Weiteres: Heinrich Detering verabschiedet den syrischen Dichter Adonis aus Berlin, wo er ein Jahr im Wissenschaftskolleg verbrachte und sein Opus Magnum, eine Hommage an arabische Häretiker, schrieb. Jochen Hieber untersucht das Ende des Musical-Booms und die Neuordnung der Landschaft durch die einschlägigen Unternehmen. In einer Meldung erfahren wir, dass auf der Buchmesse in Kapstadt eine Liste mit den hundert besten afrikanischen Büchern bekanntgegeben wurde. Andreas Rosenfelder besucht ein Camp von Globalisierungsgegnern in Straßburg. Jürgen Kesting gratuliert dem Bariton Bernd Weikl zum Sechzigsten. Volker Weidermann gratuliert Sten Nadolny, ebenfalls zum Sechzigsten. Werner Berggruen erzählt eine Schnurre aus dem Pariser Gesellschaftsleben. Auf der Sachbuchseite lässt Jürg Altwegg eine ganze Parade französischer Fußballbücher Revue passieren, die nun, nach der französischen Blamage, schnellstens verramscht werden müssen.

Auf der Medienseite erläutert Stefan Niggemeier, warum MTV2 mehr Erfolg hat als der Muttersender - der Ableger verzichtet auf die lästigen Moderatoren. Und Karl-Peter Schwarz setzt die Berichterstattung über das Prager Mordkomplott gegen die investigative Journalistin Sabina Slonkova fort. Auf der letzten Seiten schreibt Siegfried Stadler ein kleines Profil über Michaeil Timofejewitsch Kalaschnikow, Erfinder des gleichnamigen Schießgewehrs. Und Robert von Lucius stellt das neue Halldor-Laxness-Museum auf Island vor.
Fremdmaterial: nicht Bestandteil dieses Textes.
(* Let $\sigma\in\{1,-1\}$, $U$ an open subset of the Weyl upper half-plane, and let $M_c(\rho,v)$ be a $2\times2$ diagonal invertible matrix function of class $C^2$ on $U$ satisfying $d(\rho\star M_c^{-1}dM_c)=0$. Let $\varphi:U\to\mathbb{C}$ be a $C^\infty$ function of the form $\frac{-\sigma(\omega-v)\pm\sqrt{(\omega-v)^2+\sigma\rho^2}}{\rho}$ (fixed $\omega\in\mathbb C$, continuous branch) with $\varphi\neq0$ and $\varphi^2+\sigma\ne0$ on $U$. Then for all $\alpha\in\mathbb{R}$, $\beta\in\mathbb{Z}$, $K\in\mathbb{R}\setminus\{0\}$, the matrix $$M=M_c\begin{bmatrix}K\rho^\alpha\varphi^\beta&0\\0&K^{-1}\rho^{-\alpha}\varphi^{-\beta}\end{bmatrix}$$ also satisfies $d(\rho\star M^{-1}dM)=0$ on $U$.
   Context: The Weyl upper half-plane is $\{(\rho,v)\in\mathbb{R}^2:\rho>0\}$. The Hodge star acts on one-forms in $(\rho,v)$ by $\star d\rho=-\sigma\,dv$, $\star dv=d\rho$. *)

theory Defs
  imports "HOL-Analysis.Analysis"
begin

definition pd_rho :: "(real \<times> real \<Rightarrow> 'a::real_normed_vector) \<Rightarrow> real \<times> real \<Rightarrow> 'a" where
  "pd_rho f p = vector_derivative (\<lambda>t. f (t, snd p)) (at (fst p))"

definition pd_v :: "(real \<times> real \<Rightarrow> 'a::real_normed_vector) \<Rightarrow> real \<times> real \<Rightarrow> 'a" where
  "pd_v f p = vector_derivative (\<lambda>t. f (fst p, t)) (at (snd p))"

fun Ck_on :: "nat \<Rightarrow> (real \<times> real) set \<Rightarrow> (real \<times> real \<Rightarrow> 'a::real_normed_vector) \<Rightarrow> bool" where
  "Ck_on 0 U f = continuous_on U f"
| "Ck_on (Suc k) U f =
     (continuous_on U f \<and>
      (\<forall>p\<in>U. (\<lambda>t. f (t, snd p)) differentiable (at (fst p)) \<and>
              (\<lambda>t. f (fst p, t)) differentiable (at (snd p))) \<and>
      Ck_on k U (pd_rho f) \<and> Ck_on k U (pd_v f))"

definition smooth_on :: "(real \<times> real) set \<Rightarrow> (real \<times> real \<Rightarrow> 'a::real_normed_vector) \<Rightarrow> bool" where
  "smooth_on U f = (\<forall>k. Ck_on k U f)"

definition weyl_half_plane :: "(real \<times> real) set" where
  "weyl_half_plane = {p. fst p > 0}"

text \<open>A one-form  a d\<rho> + b dv  is represented by its coefficient pair (a, b).\<close>

type_synonym 'a oneform = "(real \<times> real \<Rightarrow> 'a) \<times> (real \<times> real \<Rightarrow> 'a)"

text \<open>Hodge star: star d\<rho> = -sigma dv, star dv = d\<rho>.\<close>
definition hodge :: "real \<Rightarrow> 'a::real_normed_vector oneform \<Rightarrow> 'a oneform" where
  "hodge \<sigma> w = ((\<lambda>p. snd w p), (\<lambda>p. - (\<sigma> *\<^sub>R fst w p)))"

text \<open>Exterior derivative of a one-form: coefficient of d\<rho> wedge dv.\<close>
definition ext_d :: "'a::real_normed_vector oneform \<Rightarrow> real \<times> real \<Rightarrow> 'a" where
  "ext_d w p = pd_rho (snd w) p - pd_v (fst w) p"

definition scale_form :: "(real \<times> real \<Rightarrow> real) \<Rightarrow> 'a::real_normed_vector oneform \<Rightarrow> 'a oneform" where
  "scale_form g w = ((\<lambda>p. g p *\<^sub>R fst w p), (\<lambda>p. g p *\<^sub>R snd w p))"

definition log_diff :: "(real \<times> real \<Rightarrow> complex^2^2) \<Rightarrow> (complex^2^2) oneform" where
  "log_diff M = ((\<lambda>p. matrix_inv (M p) ** pd_rho M p), (\<lambda>p. matrix_inv (M p) ** pd_v M p))"

definition weyl_eq :: "real \<Rightarrow> (real \<times> real) set \<Rightarrow> (real \<times> real \<Rightarrow> complex^2^2) \<Rightarrow> bool" where
  "weyl_eq \<sigma> U M = (\<forall>p\<in>U. ext_d (scale_form fst (hodge \<sigma> (log_diff M))) p = 0)"

definition diag2 :: "complex \<Rightarrow> complex \<Rightarrow> complex^2^2" where
  "diag2 a b = (\<chi> i j. if i = j then (if i = 1 then a else b) else 0)"

end

theory Submission
  imports Defs
begin

(* For a diagonal matrix diag(n1, n2) the equation d(\<rho> \<star> M\<^sup>-\<^sup>1 dM) = 0 decouples into the scalar
   equations  \<sigma> \<partial>\<^sub>\<rho>(\<rho> \<partial>\<^sub>\<rho> log n) + \<partial>\<^sub>v(\<rho> \<partial>\<^sub>v log n) = 0  for the entries n.  They are linear in
   log n, so their solutions are closed under products and integer powers, and c \<rho>\<^sup>\<alpha> is a solution
   since \<rho> \<partial>\<^sub>\<rho> log(c \<rho>\<^sup>\<alpha>) = \<alpha> is constant.  Finally \<phi> is a solution: it is a root of
   \<rho> \<phi>\<^sup>2 + 2\<sigma>(\<omega> - v)\<phi> - \<sigma>\<rho> = 0, and implicit differentiation gives
   \<rho> \<partial>\<^sub>\<rho> log \<phi> = (\<sigma> - \<phi>\<^sup>2)/(\<phi>\<^sup>2 + \<sigma>) and \<rho> \<partial>\<^sub>v log \<phi> = 2\<sigma>\<phi>/(\<phi>\<^sup>2 + \<sigma>),
   for which the scalar equation becomes an identity. *)

lemma pd_rho_eqI: "((\<lambda>t. f (t, snd p)) has_vector_derivative D) (at (fst p)) \<Longrightarrow> pd_rho f p = D"
  unfolding pd_rho_def by (rule vector_derivative_at)

lemma pd_v_eqI: "((\<lambda>t. f (fst p, t)) has_vector_derivative D) (at (snd p)) \<Longrightarrow> pd_v f p = D"
  unfolding pd_v_def by (rule vector_derivative_at)

lemma has_vector_derivative_pd_rho:
  "(\<lambda>t. f (t, snd p)) differentiable (at (fst p)) \<Longrightarrow>
    ((\<lambda>t. f (t, snd p)) has_vector_derivative pd_rho f p) (at (fst p))"
  unfolding pd_rho_def by (simp add: vector_derivative_works[symmetric])

lemma has_vector_derivative_pd_v:
  "(\<lambda>t. f (fst p, t)) differentiable (at (snd p)) \<Longrightarrow>
    ((\<lambda>t. f (fst p, t)) has_vector_derivative pd_v f p) (at (snd p))"
  unfolding pd_v_def by (simp add: vector_derivative_works[symmetric])

lemma eventually_nhds_curve_in_open:
  "open U \<Longrightarrow> (\<And>t. continuous (at t) \<gamma>) \<Longrightarrow> \<gamma> x \<in> U \<Longrightarrow> eventually (\<lambda>t. \<gamma> t \<in> U) (nhds x)"
  using eventually_nhds_in_open[of "\<gamma> -` U" x] continuous_open_vimage[of U \<gamma>] by simp

lemma has_vector_derivative_curve_cong_open:
  assumes "open U" "\<And>t. continuous (at t) \<gamma>" "\<gamma> x \<in> U" "\<And>q. q \<in> U \<Longrightarrow> f q = g q"
  shows "((\<lambda>t. f (\<gamma> t)) has_vector_derivative D) (at x) \<longleftrightarrow>
    ((\<lambda>t. g (\<gamma> t)) has_vector_derivative D) (at x)"
proof (rule has_vector_derivative_cong_ev)
  show "eventually (\<lambda>t. t \<in> UNIV \<longrightarrow> f (\<gamma> t) = g (\<gamma> t)) (nhds x)"
    using eventually_nhds_curve_in_open[OF assms(1-3)] by eventually_elim (use assms(4) in auto)
qed (use assms in auto)

lemma has_vector_derivative_eventually_zero:
  assumes "eventually (\<lambda>t. f t = 0) (nhds x)" "(f has_vector_derivative D) (at x)"
  shows "D = 0"
proof -
  have "((\<lambda>_. 0) has_vector_derivative D) (at x)"
    using assms eventually_nhds_x_imp_x[OF assms(1)]
    by (subst has_vector_derivative_cong_ev[of _ _ f]) (auto elim: eventually_mono)
  then show ?thesis
    using vector_derivative_unique_at[OF _ has_vector_derivative_const] by blast
qed

lemma line_cong_open:
  assumes "open U" "p \<in> U" "\<And>q. q \<in> U \<Longrightarrow> f q = g q"
  shows pd_rho_cong_open: "pd_rho f p = pd_rho g p"
    and differentiable_rho_cong_open: "(\<lambda>t. f (t, snd p)) differentiable (at (fst p)) \<longleftrightarrow>
      (\<lambda>t. g (t, snd p)) differentiable (at (fst p))"
    and pd_v_cong_open: "pd_v f p = pd_v g p"
    and differentiable_v_cong_open: "(\<lambda>t. f (fst p, t)) differentiable (at (snd p)) \<longleftrightarrow>
      (\<lambda>t. g (fst p, t)) differentiable (at (snd p))"
proof -
  have rho: "((\<lambda>t. f (t, snd p)) has_vector_derivative D) (at (fst p)) \<longleftrightarrow>
      ((\<lambda>t. g (t, snd p)) has_vector_derivative D) (at (fst p))" for D
    using assms by (intro has_vector_derivative_curve_cong_open) (auto intro: continuous_intros)
  have v: "((\<lambda>t. f (fst p, t)) has_vector_derivative D) (at (snd p)) \<longleftrightarrow>
      ((\<lambda>t. g (fst p, t)) has_vector_derivative D) (at (snd p))" for D
    using assms by (intro has_vector_derivative_curve_cong_open) (auto intro: continuous_intros)
  show "pd_rho f p = pd_rho g p"
    unfolding pd_rho_def vector_derivative_def rho ..
  show "pd_v f p = pd_v g p"
    unfolding pd_v_def vector_derivative_def v ..
  show "(\<lambda>t. f (t, snd p)) differentiable (at (fst p)) \<longleftrightarrow>
      (\<lambda>t. g (t, snd p)) differentiable (at (fst p))"
    using rho by (metis differentiableI_vector vector_derivative_works)
  show "(\<lambda>t. f (fst p, t)) differentiable (at (snd p)) \<longleftrightarrow>
      (\<lambda>t. g (fst p, t)) differentiable (at (snd p))"
    using v by (metis differentiableI_vector vector_derivative_works)
qed

lemma diag2_mult: "diag2 a b ** diag2 c d = diag2 (a * c) (b * d)"
  by (auto simp: vec_eq_iff diag2_def forall_2 matrix_matrix_mult_def sum_2)

lemma diag2_eq_0_iff: "diag2 a b = 0 \<longleftrightarrow> a = 0 \<and> b = 0"
  by (auto simp: vec_eq_iff diag2_def forall_2)

lemma diag2_add: "diag2 a b + diag2 c d = diag2 (a + c) (b + d)"
  by (auto simp: vec_eq_iff diag2_def forall_2)

lemma diag2_uminus: "- diag2 a b = diag2 (- a) (- b)"
  by (auto simp: vec_eq_iff diag2_def forall_2)

lemma diag2_diff: "diag2 a b - diag2 c d = diag2 (a - c) (b - d)"
  by (auto simp: vec_eq_iff diag2_def forall_2)

lemma scaleR_diag2: "r *\<^sub>R diag2 a b = diag2 (of_real r * a) (of_real r * b)"
  by (simp add: vec_eq_iff diag2_def forall_2 vector_scaleR_component) (simp add: scaleR_conv_of_real)

lemma matrix_inv_diag2:
  assumes "a \<noteq> 0" "b \<noteq> 0"
  shows "matrix_inv (diag2 a b) = diag2 (inverse a) (inverse b)"
proof -
  let ?A = "diag2 a b" and ?B = "diag2 (inverse a) (inverse b)"
  have "mat 1 = diag2 1 1"
    by (auto simp: vec_eq_iff diag2_def forall_2 mat_def)
  then have AB: "?A ** ?B = mat 1" and BA: "?B ** ?A = mat 1"
    using assms by (simp_all add: diag2_mult)
  show ?thesis unfolding matrix_inv_def
  proof (rule someI2[where a = ?B])
    fix X assume "?A ** X = mat 1 \<and> X ** ?A = mat 1"
    moreover have "X = (X ** ?A) ** ?B"
      by (simp add: AB flip: matrix_mul_assoc)
    ultimately show "X = ?B"
      by simp
  qed (use AB BA in simp)
qed

lemma has_vector_derivative_diag2:
  assumes "(f has_vector_derivative f') F" "(g has_vector_derivative g') F"
  shows "((\<lambda>t. diag2 (f t) (g t)) has_vector_derivative diag2 f' g') F"
proof -
  have "bounded_linear (\<lambda>a. diag2 a 0)" "bounded_linear (\<lambda>b. diag2 0 b)"
    by (auto simp: linear_conv_bounded_linear[symmetric] vec_eq_iff diag2_def forall_2
        intro!: linearI)
  from this[THEN bounded_linear.has_vector_derivative] assms
  have "((\<lambda>t. diag2 (f t) 0 + diag2 0 (g t)) has_vector_derivative diag2 f' 0 + diag2 0 g') F"
    by (intro has_vector_derivative_add)
  then show ?thesis
    by (simp add: diag2_add)
qed

definition rho_dlog_rho :: "(real \<times> real \<Rightarrow> complex) \<Rightarrow> real \<times> real \<Rightarrow> complex" where
  "rho_dlog_rho n p = of_real (fst p) * pd_rho n p / n p"

definition rho_dlog_v :: "(real \<times> real \<Rightarrow> complex) \<Rightarrow> real \<times> real \<Rightarrow> complex" where
  "rho_dlog_v n p = of_real (fst p) * pd_v n p / n p"

definition log_regular_on :: "(real \<times> real) set \<Rightarrow> (real \<times> real \<Rightarrow> complex) \<Rightarrow> bool" where
  "log_regular_on U n \<longleftrightarrow> (\<forall>p\<in>U. n p \<noteq> 0 \<and>
     (\<lambda>t. n (t, snd p)) differentiable (at (fst p)) \<and> (\<lambda>t. n (fst p, t)) differentiable (at (snd p)) \<and>
     (\<lambda>t. rho_dlog_rho n (t, snd p)) differentiable (at (fst p)) \<and>
     (\<lambda>t. rho_dlog_v n (fst p, t)) differentiable (at (snd p)))"

(* For \<sigma> = 1 this is \<rho> times the Laplacian of log n in cylindrical coordinates (\<rho>, v),
   applied to an axially symmetric function. *)
definition weyl_laplacian :: "real \<Rightarrow> (real \<times> real \<Rightarrow> complex) \<Rightarrow> real \<times> real \<Rightarrow> complex" where
  "weyl_laplacian \<sigma> n p = of_real \<sigma> * pd_rho (rho_dlog_rho n) p + pd_v (rho_dlog_v n) p"

definition weyl_harmonic_on :: "real \<Rightarrow> (real \<times> real) set \<Rightarrow> (real \<times> real \<Rightarrow> complex) \<Rightarrow> bool" where
  "weyl_harmonic_on \<sigma> U n \<longleftrightarrow> log_regular_on U n \<and> (\<forall>p\<in>U. weyl_laplacian \<sigma> n p = 0)"

lemma log_regular_onD:
  assumes "log_regular_on U n" "p \<in> U"
  shows "n p \<noteq> 0" "(\<lambda>t. n (t, snd p)) differentiable (at (fst p))"
    "(\<lambda>t. n (fst p, t)) differentiable (at (snd p))"
    "(\<lambda>t. rho_dlog_rho n (t, snd p)) differentiable (at (fst p))"
    "(\<lambda>t. rho_dlog_v n (fst p, t)) differentiable (at (snd p))"
  using assms by (auto simp: log_regular_on_def)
Besprochen werden der Salzburger "Don Giovanni" unter Nikolaus Harnoncourt und Martin Kusej, Ausstellungen der Sammlung Goetz in der Villa Stuck und im kleinen Museum der Sammlung Goetz selbst, die Wiederaufnahme des "Lohengrin" in Bayreuth und George Taboris Bearbeitung der "Entführung aus dem Serail" in Berlin.